→ Assigned task
Your reply should be a single number, the count of lines in the records that contain the string "where".
============================================================
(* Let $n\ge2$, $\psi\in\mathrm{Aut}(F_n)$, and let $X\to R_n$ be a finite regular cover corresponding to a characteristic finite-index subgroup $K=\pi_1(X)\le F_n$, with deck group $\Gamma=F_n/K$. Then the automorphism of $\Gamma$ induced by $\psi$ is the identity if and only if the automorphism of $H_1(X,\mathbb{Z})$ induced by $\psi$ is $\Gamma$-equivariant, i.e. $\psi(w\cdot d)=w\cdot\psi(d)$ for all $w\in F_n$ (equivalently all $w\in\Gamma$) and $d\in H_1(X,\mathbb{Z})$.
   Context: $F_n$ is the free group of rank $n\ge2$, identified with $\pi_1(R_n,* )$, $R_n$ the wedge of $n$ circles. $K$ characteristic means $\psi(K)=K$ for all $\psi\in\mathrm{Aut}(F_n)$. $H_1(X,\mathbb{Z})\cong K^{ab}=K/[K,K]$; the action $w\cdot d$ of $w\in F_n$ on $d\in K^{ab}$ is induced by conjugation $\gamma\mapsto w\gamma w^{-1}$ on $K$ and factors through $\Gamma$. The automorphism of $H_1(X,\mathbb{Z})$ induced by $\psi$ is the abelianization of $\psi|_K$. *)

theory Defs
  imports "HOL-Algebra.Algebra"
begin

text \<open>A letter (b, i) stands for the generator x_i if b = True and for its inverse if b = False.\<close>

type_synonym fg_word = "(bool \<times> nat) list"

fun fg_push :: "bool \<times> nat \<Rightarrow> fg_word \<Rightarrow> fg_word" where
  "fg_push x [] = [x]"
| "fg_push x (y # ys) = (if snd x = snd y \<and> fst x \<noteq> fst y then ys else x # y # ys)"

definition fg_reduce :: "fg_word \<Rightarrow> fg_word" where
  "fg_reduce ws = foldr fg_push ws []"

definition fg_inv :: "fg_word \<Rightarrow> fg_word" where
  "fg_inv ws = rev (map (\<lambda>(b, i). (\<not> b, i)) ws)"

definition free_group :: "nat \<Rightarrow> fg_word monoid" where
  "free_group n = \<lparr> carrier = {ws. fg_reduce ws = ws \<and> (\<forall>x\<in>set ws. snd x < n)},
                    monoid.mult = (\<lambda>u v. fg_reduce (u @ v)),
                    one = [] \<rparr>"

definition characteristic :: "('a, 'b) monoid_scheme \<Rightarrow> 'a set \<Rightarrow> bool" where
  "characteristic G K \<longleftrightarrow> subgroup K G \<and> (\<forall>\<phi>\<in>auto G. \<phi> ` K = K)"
============================================================
→ Task answer
5